A stock market correction is usually defined as a decline of 10% or more from a recent peak in major indices like the S&P 500. Over the years, declines like these have occurred with regularity, rectifying soaring valuations and tempering speculative excesses. On March 13, 2025, the market entered its first correction since 2023. 

How Often and How Much? 

Since the 1950s, the S&P 500 has gone through approximately 38 corrections … an average of one every 1.84 years. Let’s round it off to a correction roughly every two years. That’s one of the reasons we have been saying you shouldn’t be surprised we are going through one now. The average decline during these corrections has been around 14%, though individual corrections can vary in intensity. 

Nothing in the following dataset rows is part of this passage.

lemma det_bound_by_profile_powers:
  fixes T S C K k :: real and m :: nat
  assumes "1 \<le> m" "0 \<le> k" and pos: "0 < T" "0 < S" "0 < C" "0 < K" and "S \<le> 1"
    and a_def: "a = (2 + k) / (2 * real m + 2 * k + 2)"
    and b_def: "b = (2 * real m + k) / (2 * real m + 2 * k + 2)"
    and small: "C powr (2 * real m + 2 * k + 2) * (a * b * (2 * b) ^ (m - 1) * K powr k) \<le> 1"
  shows "C * a * b * (T powr (a - 2) * S powr b)
           * (2 * b * C * (T powr a * S powr (b - 1))) ^ (m - 1)
           \<le> (C * (T powr a * S powr b)) powr (- (real m + 2 + k))
             * (C * (K * (T powr (a - 1) * S powr b))) powr (- k)"
    (is "?lhs \<le> ?rhs")
proof -
  define M where "M = a * b * (2 * b) ^ (m - 1) * K powr k"
  have "0 < a" "0 < b"
    using assms(1,2) by (simp_all add: a_def b_def)
  then have "0 < M"
    using pos by (simp add: M_def)
  have m1: "real (m - Suc 0) = real m - 1"
    using assms(1) by simp
  have ln_lhs: "ln ?lhs = ln C + ln a + ln b + (a - 2) * ln T + b * ln S
                          + (real m - 1) * (ln 2 + ln b + ln C + a * ln T + (b - 1) * ln S)"
    using pos \<open>0 < a\<close> \<open>0 < b\<close>
    by (simp add: ln_mult ln_realpow ln_powr m1 add.assoc del: of_nat_diff)
  have ln_rhs: "ln ?rhs = - (real m + 2 + k) * (ln C + a * ln T + b * ln S)
                          - k * (ln C + ln K + (a - 1) * ln T + b * ln S)"
    using pos by (simp add: ln_mult ln_powr add.assoc)
  have ln_M: "ln M = ln a + ln b + (real m - 1) * (ln 2 + ln b) + k * ln K"
    using pos \<open>0 < a\<close> \<open>0 < b\<close>
    by (simp add: M_def ln_mult ln_realpow ln_powr m1 distrib_left del: of_nat_diff)
  have "ln (C powr (2 * real m + 2 * k + 2) * M) \<le> 0"
    using small pos \<open>0 < M\<close> unfolding M_def[symmetric] by simp
  then have "(2 * real m + 2 * k + 2) * ln C + ln M \<le> 0"
    using pos \<open>0 < M\<close> by (simp add: ln_mult ln_powr)
  moreover have "(real m + k + 1) * ln S \<le> 0"
    using pos \<open>S \<le> 1\<close> \<open>0 \<le> k\<close> by (simp add: mult_nonneg_nonpos)
  moreover have "a * (2 * real m + 2 * k + 2) * ln T = (2 + k) * ln T"
    and "b * (2 * real m + 2 * k + 2) * ln S = (2 * real m + k) * ln S"
    using assms(1,2) by (simp_all add: a_def b_def)
  then have "ln ?rhs - ln ?lhs
      = - ((2 * real m + 2 * k + 2) * ln C + ln M) - (real m + k + 1) * ln S"
    unfolding ln_lhs ln_rhs ln_M by (simp add: algebra_simps; linarith)
  ultimately have "ln ?lhs \<le> ln ?rhs"
    by linarith
  then show ?thesis
    using pos \<open>0 < a\<close> \<open>0 < b\<close> by simp
qed
(* Let $f(x)=\sum_{n\ge1}q_n x^n$ be a formal power series with complex coefficients and $q:=q_1\ne0$. For all integers $s\ge 0$ and $n\ge k\ge 0$, \[ \begin{bmatrix} n\\ k\end{bmatrix}_{\phi^s}=\frac{n!}{k!}\sum_{\vec L\in\mathcal P_{n-k}} C(\vec L)\prod_{p=1}^{n-k} q_{p+1}^{L_p}, \] where \[ C(\vec L):=\sum_{\vec\ell_1+\cdots+\vec\ell_s=\vec L} q^{\sum_{t=1}^s (s-t)\langle\vec\ell_t\rangle+sk-|\vec L|}\prod_{i=1}^s\binom{\sum_{t=1}^{i-1}\langle\vec\ell_t\rangle+k}{\vec\ell_i,\ \sum_{t=1}^{i-1}\langle\vec\ell_t\rangle+k-|\vec\ell_i|}, \] the sum being over all $s$-tuples $(\vec\ell_1,\dots,\vec\ell_s)$ of finitely supported sequences $\vec\ell_t\in\mathbb{N}^{\mathbb{N}^*}$ with $\vec\ell_1+\cdots+\vec\ell_s=\vec L$ (componentwise).
   Context: For an integer $s\ge0$, $f^s$ is the $s$-fold compositional iterate of $f$ ($f^0(x)=x$), and $\begin{bmatrix} n\\ k\end{bmatrix}_{\phi^s}$ is defined by $\frac{f^s(x)^k}{k!}=\sum_{n\ge k}\begin{bmatrix} n\\ k\end{bmatrix}_{\phi^s}\frac{x^n}{n!}$. Multi-indices: $\vec\ell=(\ell_1,\ell_2,\dots)$ with $\ell_p\in\mathbb{N}$ and finitely many nonzero; $|\vec\ell|:=\sum_p\ell_p$ and $\langle\vec\ell\rangle:=\sum_p p\,\ell_p$. $\mathcal P_m$ is the set of such $\vec\ell$ with $\ell_p=0$ for $p>m$ and $\langle\vec\ell\rangle=m$. For an integer $N$ and multi-index $\vec\ell$, $\binom{N}{\vec\ell,\,r}:=\frac{N!}{\ell_1!\ell_2!\cdots\, r!}$ with $r=N-|\vec\ell|$, understood to be $0$ when $r<0$. *)

theory Defs
  imports "HOL-Computational_Algebra.Formal_Power_Series"
begin

definition fps_iter :: "complex fps \<Rightarrow> nat \<Rightarrow> complex fps" where
  "fps_iter f s = ((\<lambda>g. fps_compose f g) ^^ s) fps_X"

definition phi_bracket :: "complex fps \<Rightarrow> nat \<Rightarrow> nat \<Rightarrow> nat \<Rightarrow> complex" where
  "phi_bracket f s n k = fact n * fps_nth (fps_const (1 / fact k) * (fps_iter f s) ^ k) n"

text \<open>Multi-indices (l_1, l_2, ...) are functions nat => nat with l 0 = 0 and finite support.\<close>
definition mi_abs :: "(nat \<Rightarrow> nat) \<Rightarrow> nat" where
  "mi_abs l = (\<Sum>p\<in>{p. l p \<noteq> 0}. l p)"
lemma iterate_Suc: "iterate w (Suc k) = closest_point Z (iterate w k - \<alpha> *\<^sub>R half_oracle w k
      + \<gamma> *\<^sub>R (iterate w k - previous w k) - \<tau> *\<^sub>R (iterate_oracle w k - previous_oracle w k))"
  and previous_Suc: "previous w (Suc k) = iterate w k"
  and previous_oracle_Suc: "previous_oracle w (Suc k) = iterate_oracle w k"
  by (simp_all add: sep_iter_def previous_def previous_oracle_def iterate_oracle_def half_oracle_def half_def
      Let_def split_beta)

lemma feasible_nonempty: "Z \<noteq> {}"
  using initial_feasible by blast

lemma iterate_in: "iterate w k \<in> Z" and previous_in: "previous w k \<in> Z"
  by (induction k) (auto simp: iterate_0 previous_0 iterate_Suc previous_Suc initial_feasible
      closest_point_in_set[OF feasible_closed feasible_nonempty])

lemma half_in: "half w k \<in> Z"
  unfolding half_def by (rule closest_point_in_set[OF feasible_closed feasible_nonempty])

lemma state_prefix: "(\<And>i. i < 2 * k \<or> i = 0 \<Longrightarrow> w i = w' i) \<Longrightarrow> state w k = state w' k"
proof (induction k)
  case (Suc k)
  have "state w k = state w' k" using Suc.prems by (intro Suc.IH) auto
  moreover have "w (2 * k) = w' (2 * k)" "w (2 * k + 1) = w' (2 * k + 1)" using Suc.prems by auto
  ultimately show ?case by (simp add: Let_def split_beta)
qed simp

lemma iterate_prefix:
  assumes "\<And>i. i < 2 * k \<Longrightarrow> w i = w' i"
  shows "iterate w k = iterate w' k"
proof (cases k)
  case (Suc j)
  then have "state w k = state w' k" using assms by (intro state_prefix) auto
  then show ?thesis by (simp add: sep_iter_def)
qed (simp add: sep_iter_def)

lemma half_prefix:
  assumes "\<And>i. i < 2 * k + 1 \<Longrightarrow> w i = w' i"
  shows "half w k = half w' k"
proof -
  have "state w k = state w' k" using assms by (intro state_prefix) auto
  moreover have "w (2 * k) = w' (2 * k)" using assms by simp
  ultimately show ?thesis by (simp add: half_def iterate_oracle_def previous_def sep_iter_def)
qed

abbreviation samples :: "(nat \<Rightarrow> 'b) measure" where
  "samples \<equiv> \<Pi>\<^sub>M i\<in>UNIV. M"

lemma closest_point_measurable[measurable]: "closest_point Z \<in> borel_measurable borel"
  using continuous_on_closest_point[OF feasible_convex feasible_closed feasible_nonempty]
  by (rule borel_measurable_continuous_onI)

lemma oracle_compose_measurable[measurable (raw)]:
  assumes "\<phi> \<in> borel_measurable N" and "\<psi> \<in> measurable N M"
  shows "(\<lambda>x. Fh (\<phi> x) (\<psi> x)) \<in> borel_measurable N"
  using measurable_comp[OF measurable_Pair[OF assms] oracle_measurable] by (simp add: comp_def)

lemma sample_measurable[measurable]: "(\<lambda>w. w i) \<in> measurable samples M"
  by (rule measurable_component_singleton) simp

lemma state_measurable:
  "(\<lambda>w. iterate w k) \<in> borel_measurable samples \<and> (\<lambda>w. previous w k) \<in> borel_measurable samples
    \<and> (\<lambda>w. previous_oracle w k) \<in> borel_measurable samples"
proof (induction k)
  case 0
  show ?case by (simp add: iterate_0 previous_0 previous_oracle_0)
next
  case (Suc k)
  then have [measurable]: "(\<lambda>w. iterate w k) \<in> borel_measurable samples"
    "(\<lambda>w. previous w k) \<in> borel_measurable samples" "(\<lambda>w. previous_oracle w k) \<in> borel_measurable samples"
    by auto
  show ?case
    unfolding iterate_Suc previous_Suc previous_oracle_Suc half_oracle_def half_def iterate_oracle_def
    by measurable
qed

lemma iterates_measurable[measurable]:
  "(\<lambda>w. iterate w k) \<in> borel_measurable samples" "(\<lambda>w. previous w k) \<in> borel_measurable samples"
  "(\<lambda>w. previous_oracle w k) \<in> borel_measurable samples" "(\<lambda>w. iterate_oracle w k) \<in> borel_measurable samples"
  "(\<lambda>w. half w k) \<in> borel_measurable samples" "(\<lambda>w. half_oracle w k) \<in> borel_measurable samples"
proof -
  show [measurable]: "(\<lambda>w. iterate w k) \<in> borel_measurable samples"
    "(\<lambda>w. previous w k) \<in> borel_measurable samples" "(\<lambda>w. previous_oracle w k) \<in> borel_measurable samples"
    using state_measurable[of k] by auto
  show [measurable]: "(\<lambda>w. iterate_oracle w k) \<in> borel_measurable samples"
    unfolding iterate_oracle_def by measurable
  show [measurable]: "(\<lambda>w. half w k) \<in> borel_measurable samples"
    unfolding half_def by measurable
  show "(\<lambda>w. half_oracle w k) \<in> borel_measurable samples"
    unfolding half_oracle_def by measurable
qed

end

locale stochastic_extra_point =
  strongly_monotone_vi Z F D L \<mu> zstar +
  extra_point_scheme Z Fhat M "1 / (4 * L)" "1 / (64 * (L / \<mu>))" "1 / (64 * (L / \<mu>))" "1 / (4 * L)"
    "1 / (64 * L * (L / \<mu>))" z0
  for Z :: "'a::euclidean_space set" and F D L \<mu> zstar and Fhat :: "'a \<Rightarrow> 'b \<Rightarrow> 'a" and M z0 +
  fixes \<delta> \<sigma> :: real
  assumes sample_space: "prob_space M" and bias_nonneg: "0 \<le> \<delta>"
    and oracle_bias: "\<forall>z\<in>Z. (\<integral>\<^sup>+ \<xi>. ennreal (norm (Fhat z \<xi> - F z)) \<partial>M) \<le> ennreal \<delta>"
    and oracle_variance: "\<forall>z\<in>Z. (\<integral>\<^sup>+ \<xi>. ennreal ((norm (Fhat z \<xi> - F z))\<^sup>2) \<partial>M) \<le> ennreal (\<sigma>\<^sup>2)"
begin
text \<open>A convergence domain for f_x \<rightarrow> f relative to G: a Borel set D \<subseteq> [0,\<infinity>) of
  full G-measure, invariant under positive scaling, near each point of which
  f_x \<rightarrow> f uniformly.  Case (i) of the theorem gives D = [0,\<infinity>), case (ii)
  gives D = (0,\<infinity>).\<close>
definition convergence_domain ::
  "(real \<Rightarrow> real \<Rightarrow> real) \<Rightarrow> (real \<Rightarrow> real) \<Rightarrow> real measure \<Rightarrow> real set \<Rightarrow> bool" where
  "convergence_domain fx f G D \<longleftrightarrow>
     D \<subseteq> {0..} \<and> D \<in> sets borel \<and> (AE v in G. v \<in> D) \<and>
     (\<forall>\<rho>>0. \<forall>w\<in>D. \<rho> * w \<in> D) \<and>
     (\<forall>w\<in>D. \<exists>U. open U \<and> w \<in> U \<and> uniform_limit (U \<inter> {0..}) fx f at_top)"

lemma Pi_op_limit_seq:
  fixes Pk :: "real \<Rightarrow> real measure" and b :: "real \<Rightarrow> real" and \<kappa> :: real
    and G :: "real measure" and f :: "real \<Rightarrow> real" and fx :: "real \<Rightarrow> real \<Rightarrow> real"
    and X U :: "nat \<Rightarrow> real" and D :: "real set"
  assumes kern: "\<And>z. z \<ge> 0 \<Longrightarrow> prob_space (Pk z) \<and> sets (Pk z) = sets nonneg_borel"
    and rv: "regularly_varying b \<kappa>"
    and pG: "prob_space G" and sG: "sets G = sets nonneg_borel"
    and lim: "\<And>A. A \<in> sets nonneg_borel \<Longrightarrow>
        measure G ((subtopology euclidean {0..}) frontier_of A) = 0 \<Longrightarrow>
        ((\<lambda>x. measure (Pk x) ((\<lambda>a. b x * a) ` A)) \<longlongrightarrow> measure G A) at_top"
    and cont_f: "continuous_on {0..} f"
    and cont_fx: "\<And>x. x > 0 \<Longrightarrow> continuous_on {0..} (fx x)"
    and bound: "\<And>x u. x > 0 \<Longrightarrow> u \<ge> 0 \<Longrightarrow> \<bar>fx x u\<bar> \<le> M"
    and D: "convergence_domain fx f G D"
    and X_pos: "\<And>n. X n > 0" and X_lim: "filterlim X at_top sequentially"
    and U_pos: "\<And>n. U n > 0" and U_lim: "U \<longlonglongrightarrow> l" and l: "l > 0"
  shows "(\<lambda>n. Pi_op Pk b (X n) (fx (X n)) (U n)) \<longlonglongrightarrow> G1_op G \<kappa> f l"
proof -
  have b_pos: "\<And>y. y > 0 \<Longrightarrow> b y > 0" using rv unfolding regularly_varying_def by auto
  define y where "y n = X n * U n" for n
  have y_pos: "y n > 0" for n using X_pos[of n] U_pos[of n] by (simp add: y_def)
  have "filterlim (\<lambda>n. U n * X n) at_top sequentially"
    by (rule filterlim_tendsto_pos_mult_at_top[OF U_lim l X_lim])
  moreover have "y = (\<lambda>n. U n * X n)" by (auto simp: y_def fun_eq_iff)
  ultimately have y_lim: "filterlim y at_top sequentially" by simp
  have kern_y: "prob_space (Pk (y n))" "sets (Pk (y n)) = sets nonneg_borel" for n
    using kern[of "y n"] y_pos[of n] by auto
  define r where "r n = b (y n) / b (X n)" for n
  have r_nonneg: "r n \<ge> 0" for n
    using b_pos[OF y_pos[of n]] b_pos[OF X_pos[of n]] by (simp add: r_def)
  have r_lim: "r \<longlonglongrightarrow> l powr \<kappa>"
    using regularly_varying_ratio_seq[OF rv X_pos X_lim U_pos U_lim l]
    unfolding r_def[abs_def] y_def .
  define \<nu> where "\<nu> n = distr (Pk (y n)) borel (\<lambda>z. z / b (y n))" for n
  have "(\<lambda>n. \<integral>v. fx (X n) (r n * max v 0) \<partial>\<nu> n) \<longlonglongrightarrow> (\<integral>v. f (l powr \<kappa> * max v 0) \<partial>distr G borel (\<lambda>v. v))"
  proof (rule weak_conv_integral_limit)
    show "real_distribution (\<nu> n)" for n
      unfolding \<nu>_def by (rule real_distribution_distr_nonneg[OF kern_y]) simp
    show "real_distribution (distr G borel (\<lambda>v. v))"
      by (rule real_distribution_distr_nonneg[OF pG sG]) simp
    show "weak_conv_m \<nu> (distr G borel (\<lambda>v. v))"
      unfolding \<nu>_def by (rule rescaled_kernel_weak_conv[OF kern_y b_pos[OF y_pos] y_lim pG sG lim])
    show "(\<lambda>v. fx (X n) (r n * max v 0)) \<in> borel_measurable borel" for n
      by (rule borel_measurable_scaled_pos_part[OF cont_fx[OF X_pos] r_nonneg])
    show "(\<lambda>v. f (l powr \<kappa> * max v 0)) \<in> borel_measurable borel"
      by (rule borel_measurable_scaled_pos_part[OF cont_f]) simp
    show "\<bar>fx (X n) (r n * max v 0)\<bar> \<le> M" for n v
      using r_nonneg[of n] by (intro bound X_pos) simp
    have "(\<lambda>v. v) \<in> borel_measurable G" by (rule borel_measurable_nonneg_borel[OF sG]) simp
    then show "AE v in distr G borel (\<lambda>v. v). v \<in> D"
      using D by (subst AE_distr_iff) (auto simp: convergence_domain_def)
  next
    fix v z assume v: "v \<in> D" and z_lim: "z \<longlonglongrightarrow> v"
    have v_nonneg: "v \<ge> 0" and "l powr \<kappa> * v \<in> D"
      using v l D by (auto simp: convergence_domain_def)
    then obtain W where W: "open W" "l powr \<kappa> * v \<in> W" "uniform_limit (W \<inter> {0..}) fx f at_top"
      using D by (auto simp: convergence_domain_def)
    have "(\<lambda>n. r n * max (z n) 0) \<longlonglongrightarrow> l powr \<kappa> * max v 0"
      by (intro tendsto_intros r_lim z_lim)
    then have "(\<lambda>n. fx (X n) (r n * max (z n) 0)) \<longlonglongrightarrow> f (l powr \<kappa> * v)"
      using v_nonneg r_nonneg
      by (intro uniform_limit_compose_seq[OF cont_f W(1,2) _ W(3) X_lim]) auto
    then show "(\<lambda>n. fx (X n) (r n * max (z n) 0)) \<longlonglongrightarrow> f (l powr \<kappa> * max v 0)"
      using v_nonneg by simp
  qed
  moreover have "Pi_op Pk b (X n) (fx (X n)) (U n) = (\<integral>v. fx (X n) (r n * max v 0) \<partial>\<nu> n)" for n
    using Pi_op_as_rescaled_integral[where x="X n" and u="U n" and Pk=Pk and b=b, OF kern_y(2)[of n, unfolded y_def]
        b_pos[OF X_pos[of n]] b_pos[OF y_pos[of n, unfolded y_def]] cont_fx[OF X_pos[of n]]]
    by (simp add: r_def \<nu>_def y_def)
  ultimately show ?thesis by (simp add: G1_op_as_integral[OF sG cont_f])
qed
lemma Kconds_of_period:
  assumes "q dvd p" and "0 < q" and q_period: "period q"
  shows "Kconds q K"
proof -
  have sim_q: "simH K (zeros_one a) (ones_zero b)" if "q dvd a + b + 1" for a b
  proof -
    obtain c where c: "a + b + 1 = q * c" using \<open>q dvd a + b + 1\<close> by blast
    \<comment> \<open>\<open>a'\<close> is congruent to \<open>a\<close> modulo \<open>q\<close>, and \<open>a' + b + 1 = p * (a + b + 1)\<close>.\<close>
    define a' where "a' = a + (p - 1) * (a + b + 1)"
    have a': "a' = a + q * ((p - 1) * c)" unfolding a'_def c by (simp add: ac_simps)
    have "simH K (zeros_one a) (zeros_one a')" by (rule periodicD[OF q_period]) (simp add: a')
    also have "simH K \<dots> (ones_zero b)"
    proof (rule zeros_one_sim_ones_zero, rule dvdI)
      have "(p - 1) * (a + b + 1) + (a + b + 1) = p * (a + b + 1)" using p_pos by (cases p) simp_all
      then show "a' + b + 1 = p * (a + b + 1)" unfolding a'_def by linarith
    qed
    finally show ?thesis .
  qed
  have dvd_q: "q dvd x" if "x = q * k" for x k using that by simp
  show ?thesis
    unfolding Kconds_iff
  proof (intro conjI allI impI)
    fix a
    show "simH K (zeros_one a) (zeros_one (a + q))" using q_period by (rule periodicD) simp
  next
    fix b
    define x where "x = (q - 1) * (b + 1)"
    have "x + (b + 1) = q * (b + 1)" using \<open>0 < q\<close> unfolding x_def by (cases q) simp_all
    then have "x + b + 1 = q * (b + 1)" and "x + (b + q) + 1 = q * (b + 2)" by simp_all
    then have "simH K (zeros_one x) (ones_zero b)" and "simH K (zeros_one x) (ones_zero (b + q))"
      using sim_q[OF dvd_q] by blast+
    then show "simH K (ones_zero b) (ones_zero (b + q))" by (rule sim_trans[OF sim_sym])
  next
    fix a assume "a < q"
    then show "simH K (zeros_one a) (ones_zero (q - 1 - a))"
      by (intro sim_q dvd_q[where k = 1]) linarith
  next
    fix a assume "a < q"
    have "simH K (zeros_one (2*a + 1) @ [False]) (zeros_one (3*a + 2))" by (rule odd_zero_scaling)
    also have "simH K \<dots> (ones_zero (3*(q - 1 - a)))"
      by (intro sim_q dvd_q[where k = 3]) (use \<open>a < q\<close> in linarith)
    finally show "simH K (zeros_one (2*a + 1) @ [False]) (ones_zero (3*(q - 1 - a)))" .
  next
    fix a assume "a < q"
    have "simH K (zeros_one (2*a + 1) @ [True]) (zeros_one (3*a + 1))" by (rule odd_one_scaling)
    also have "simH K \<dots> (ones_zero (3*(q - 1 - a) + 1))"
      by (intro sim_q dvd_q[where k = 3]) (use \<open>a < q\<close> in linarith)
    finally show "simH K (zeros_one (2*a + 1) @ [True]) (ones_zero (3*(q - 1 - a) + 1))" .
  next
    fix a assume "a < q"
    have "simH K (zeros_one (2*a)) (zeros_one (3*a))" by (rule even_scaling)
    also have "simH K \<dots> (ones_zero (3*(q - 1 - a) + 2))"
      by (intro sim_q dvd_q[where k = 3]) (use \<open>a < q\<close> in linarith)
    finally show "simH K (zeros_one (2*a)) (ones_zero (3*(q - 1 - a) + 2))" .
  qed
qed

Noteworthy Bear Markets Since the 1960s 

  • 1966: The S&P 500 declined by approximately 22% due to an economic slowdown and tightening monetary policy.​ 
  • 1973-1974: A significant bear market occurred, with the index dropping about 48%. This was influenced by the oil embargo and rising inflation.​ 
  • 1987: Known as “Black Monday,” the market plummeted over 20% in one day, marking one of the most rapid corrections in history.​ 
  • 2000-2002: The bursting of the dot-com bubble led to a nearly 37% decline in the S&P 500 over two years.​ 
  • 2007-2009: The global financial crisis resulted in a 57% drop, making it one of the most severe bear markets since the Great Depression.​ 
  • 2020: The onset of the COVID-19 pandemic caused a swift 34% decline. This was followed by an equally rapid recovery.​ 

Current Context and Overdue Correction 

After two years of extraordinary stock market returns (20%+ for the S&P 500 in both 2023 and 2024), we felt the markets were overdue for correction. Several factors contributed to our anticipation of a significant pullback: 

  1. Extended Bull Market: Prolonged periods of market gains can lead to overvaluations, increasing the likelihood of a corrective phase.​ 
  1. Economic Indicators: Signs of economic slowing often precede market corrections. At this time, we do not see a recession in the cards, but there have been some recent soft economic reports.​ 
  1. Geopolitical Tensions: Global events, such as trade disputes or political instability, can trigger market volatility. 

Implications for Investors 

While corrections can be unsettling, they are a natural part of market cycles. Historically, the S&P 500 has gained an average of more than 8% one month after a market correction bottom and more than 24% one year later. This type of market resilience underscores the importance of maintaining a long-term investment perspective and not making impulsive decisions based on short-term market movements.